Lost in Translation: Do LVLM Judges Generalize Across Languages?
Md Tahmid Rahman Laskar, Mohammed Saidul Islam, Mir Tafseer Nayeem, Amran Bhuiyan, Mizanur Rahman, Shafiq Joty, Enamul Hoque, Jimmy Huang
Why It Matters
What makes this one worth your time
Understanding the limitations of LVLM judges across languages is crucial for developing more robust and reliable AI systems in a global context.
This study unveils significant cross-lingual performance issues in large vision-language models.
Summary
The paper introduces MM-JudgeBench, a large-scale benchmark for evaluating multilingual and multimodal judge models, revealing performance variances across languages and limitations in current reward modeling.
Key contributions
- Introduction of MM-JudgeBench, a benchmark for multilingual and multimodal evaluation.
- Evaluation of 22 LVLMs across 25 languages, highlighting performance variance.
- Release of a multilingual training set for domain adaptation.
Notable insights
- Model size and architecture do not reliably predict multilingual robustness.

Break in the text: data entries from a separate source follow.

lemma tracks_init: "tracks (init bs) (init bs)"
proof -
  have "init bs (reloc f) = init bs f" for f
    by (cases f) (simp_all add: init_def)
  then show ?thesis by (simp add: tracks_def init_def)
qed

lemma do_basic_reloc:
  assumes "tracks s s'" and "do_basic a s = (s1, r)"
  shows "\<exists>s1'. do_basic (reloc_basic a) s' = (s1', r) \<and> tracks s1 s1'"
proof (cases a)
  case (BI f m)
  show ?thesis
  proof (cases m)
    case (SetM b)
    then have "s1 = s(f := b)" "r = b" using assms(2) BI by auto
    moreover have "tracks (s(f := b)) (s'(reloc f := b))"
      using assms(1) reloc_not_Out[of f] by (auto simp: tracks_def reloc_inj)
    ultimately show ?thesis using BI SetM by simp
  next
    case Get
    then show ?thesis using assms BI by (auto simp: tracks_def)
  qed
qed

fun succ_offset :: "prim \<Rightarrow> bool \<Rightarrow> nat" where
  "succ_offset (Pos a) r = (if r then 1 else 2)"
| "succ_offset (Neg a) r = (if r then 2 else 1)"
| "succ_offset u r = 1"

lemma succ_offset_pos: "0 < succ_offset u r"
  by (cases u) simp_all

lemma exec_outside: "\<not> (1 \<le> i \<and> i \<le> length X) \<Longrightarrow> exec X i s = ({}, None)"
  by (subst exec.simps) auto

lemma exec_Term: "1 \<le> i \<Longrightarrow> i \<le> length X \<Longrightarrow> X ! (i - 1) = Term \<Longrightarrow>
    exec X i s = ({}, Some s)"
  by (subst exec.simps) simp

lemma exec_Jump: "1 \<le> i \<Longrightarrow> i \<le> length X \<Longrightarrow> X ! (i - 1) = Jump l \<Longrightarrow>
    exec X i s = (if l = 0 then ({}, None) else exec X (i + l) s)"
  by (subst exec.simps) simp

lemma exec_basic:
  assumes "1 \<le> i" "i \<le> length X" "basic_of (X ! (i - 1)) = Some a"
  shows "exec X i s =
           (let (s', r) = do_basic a s;
                (Fs, res) = exec X (i + succ_offset (X ! (i - 1)) r) s'
            in (insert (bfocus a) Fs, res))"
  using assms
  by (subst exec.simps) (cases "X ! (i - 1)"; cases "do_basic a s"; simp add: add.commute)

text \<open>Translation of an instruction at distance d before the epilogue.\<close>
fun compile_prim :: "nat \<Rightarrow> prim \<Rightarrow> prim" where
  "compile_prim d (Plain a) = Plain (reloc_basic a)"
| "compile_prim d (Pos a) = Pos (reloc_basic a)"
| "compile_prim d (Neg a) = Neg (reloc_basic a)"
| "compile_prim d (Jump l) = Jump l"
| "compile_prim d Term = Jump d"

lemma basic_of_compile_prim: "basic_of (compile_prim d u) = map_option reloc_basic (basic_of u)"
  by (cases u) simp_all

lemma succ_offset_compile_prim: "succ_offset (compile_prim d u) r = succ_offset u r"
  by (cases u) simp_all

text \<open>Copy the relocated out (aux:1) into out, using out.set:T only.\<close>
definition epilogue :: "prim list" where
  "epilogue = [Pos (BI (Aux 1) Get), Plain (BI Out (SetM True)), Term]"

definition compile :: "prim list \<Rightarrow> prim list" where
  "compile X = map (\<lambda>k. compile_prim (length X - k) (X ! k)) [0..<length X] @ epilogue"

lemma length_compile: "length (compile X) = length X + 3"
  by (simp add: compile_def epilogue_def)

lemma nth_compile:
  "1 \<le> i \<Longrightarrow> i \<le> length X \<Longrightarrow>
    compile X ! (i - 1) = compile_prim (Suc (length X) - i) (X ! (i - 1))"
  by (cases i) (simp_all add: compile_def nth_append)

lemma set_compile:
  "set (compile X) = (\<lambda>k. compile_prim (length X - k) (X ! k)) ` {0..<length X} \<union> set epilogue"
  by (simp add: compile_def)

lemma exec_epilogue:
  assumes "tracks s s'"
  shows "\<exists>Fs' t'. exec (compile X) (Suc (length X)) s' = (Fs', Some t') \<and>
                  (\<forall>j. In j \<notin> Fs') \<and> t' Out = s Out"
proof -
  have aux1: "s' (Aux 1) = s Out" and out: "s' Out = False"
    using assms unfolding tracks_def by (metis reloc.simps(3))+
  have at: "compile X ! (length X + k) = epilogue ! k" if "k < 3" for k
    using that by (simp add: compile_def nth_append)
  have stop: "exec (compile X) (Suc (Suc (Suc (length X)))) st = ({}, Some st)" for st
    using exec_Term[of "length X + 3" "compile X"] at[of 2]
    by (simp add: length_compile epilogue_def numeral_eq_Suc)
  then have set_out:
    "exec (compile X) (Suc (Suc (length X))) st = ({Out}, Some (st(Out := True)))" for st
    using exec_basic[of "length X + 2" "compile X" "BI Out (SetM True)"] at[of 1]
    by (simp add: length_compile epilogue_def numeral_eq_Suc)
  have "exec (compile X) (Suc (length X)) s' =
      (if s' (Aux 1) then ({Aux 1, Out}, Some (s'(Out := True))) else ({Aux 1}, Some s'))"
    using stop set_out exec_basic[of "Suc (length X)" "compile X" "BI (Aux 1) Get"] at[of 0]
    by (simp add: length_compile epilogue_def numeral_eq_Suc)
  then show ?thesis using aux1 out by auto
qed

lemma compile_simulates:
  "exec X i s = (Fs, Some t) \<Longrightarrow> tracks s s' \<Longrightarrow>
   \<exists>Fs' t'. exec (compile X) i s' = (Fs', Some t') \<and>
             (\<forall>j. In j \<in> Fs' \<longrightarrow> In j \<in> Fs) \<and> t' Out = t Out"
proof (induction "Suc (length X) - i" arbitrary: i s s' Fs t rule: less_induct)
  case less
  have i: "1 \<le> i" "i \<le> length X"
    using less.prems(1) exec_outside[of i X s] by fastforce+
  have progress: "Suc (length X) - (i + k) < Suc (length X) - i" if "0 < k" for k
    using i that by arith
  have nthY: "compile X ! (i - 1) = compile_prim (Suc (length X) - i) (X ! (i - 1))"
    using nth_compile[OF i] .
  have iY: "1 \<le> i" "i \<le> length (compile X)" using i by (simp_all add: length_compile)
  show ?case
  proof (cases "basic_of (X ! (i - 1))")
    case None
    then consider "X ! (i - 1) = Term" | l where "X ! (i - 1) = Jump l"
      by (cases "X ! (i - 1)") auto
    then show ?thesis
    proof cases
      case 1
      then have "t = s" using less.prems(1) exec_Term[OF i] by simp
      moreover have "exec (compile X) i s' = exec (compile X) (Suc (length X)) s'"
        using exec_Jump[OF iY] nthY 1 i by simp
      ultimately show ?thesis using exec_epilogue[OF less.prems(2), of X] by auto
    next
      case (2 l)
      then have "l \<noteq> 0" and run: "exec X (i + l) s = (Fs, Some t)"
        using less.prems(1) exec_Jump[OF i] by (auto split: if_splits)
      moreover have "exec (compile X) i s' = exec (compile X) (i + l) s'"
        using exec_Jump[OF iY] nthY 2 \<open>l \<noteq> 0\<close> by simp
      ultimately show ?thesis using less.hyps[OF progress run less.prems(2)] by simp
    qed
  next
    case (Some a)
    obtain s1 r where step: "do_basic a s = (s1, r)" by fastforce
    define k where "k = succ_offset (X ! (i - 1)) r"
    obtain Fs1 where run: "exec X (i + k) s1 = (Fs1, Some t)" and Fs: "Fs = insert (bfocus a) Fs1"
      using less.prems(1) exec_basic[OF i Some, of s] step by (auto simp: k_def split: prod.splits)
    obtain s1' where step': "do_basic (reloc_basic a) s' = (s1', r)" "tracks s1 s1'"
      using do_basic_reloc[OF less.prems(2) step] by blast
    obtain Fs1' t' where run': "exec (compile X) (i + k) s1' = (Fs1', Some t')"
        "\<forall>j. In j \<in> Fs1' \<longrightarrow> In j \<in> Fs1" "t' Out = t Out"
      using less.hyps[OF progress run step'(2)] by (auto simp: k_def succ_offset_pos)
    have "basic_of (compile X ! (i - 1)) = Some (reloc_basic a)"
      using nthY Some by (simp add: basic_of_compile_prim)
    then have "exec (compile X) i s' = (insert (reloc (bfocus a)) Fs1', Some t')"
      using exec_basic[OF iY, of "reloc_basic a" s'] step' run' nthY
      by (simp add: k_def succ_offset_compile_prim bfocus_reloc_basic)
    then show ?thesis using run' Fs by (force simp: reloc_eq_In dest: sym)
  qed
qed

- State-of-the-art LVLM judges show inconsistent behavior across different languages.
Possible limitations
- Not stated in the abstract.
Abstract
arXiv:2604.19405v1 Announce Type: new Abstract: Automatic evaluators such as reward models play a central role in the alignment and evaluation of large vision-language models (LVLMs). Despite their growing importance, these evaluators are almost exclusively assessed on English-centric benchmarks, leaving open the question of how well these evaluators generalize across languages. To answer this question, we introduce MM-JudgeBench, the first large-scale benchmark for multilingual and multimodal judge model evaluation, which includes over 60K pairwise preference instances spanning 25 typologically diverse languages. MM-JudgeBench integrates two complementary subsets: a general vision-language preference evaluation subset extending VL-RewardBench, and a chart-centric visual-text reasoning subset derived from OpenCQA, enabling systematic analysis of reward models (i.e., LVLM judges) across diverse settings. We additionally release a multilingual training set derived from MM-RewardBench, disjoint from our evaluation data, to support domain adaptation. By evaluating 22 LVLMs (15 open-source, 7 proprietary), we uncover substantial cross-lingual performance variance in our proposed benchmark. Our analysis further shows that model size and architecture are poor predictors of multilingual robustness, and that even state-of-the-art LVLM judges exhibit inconsistent behavior across languages. Together, these findings expose fundamental limitations of current reward modeling and underscore the necessity of multilingual, multimodal benchmarks for developing reliable automated evaluators.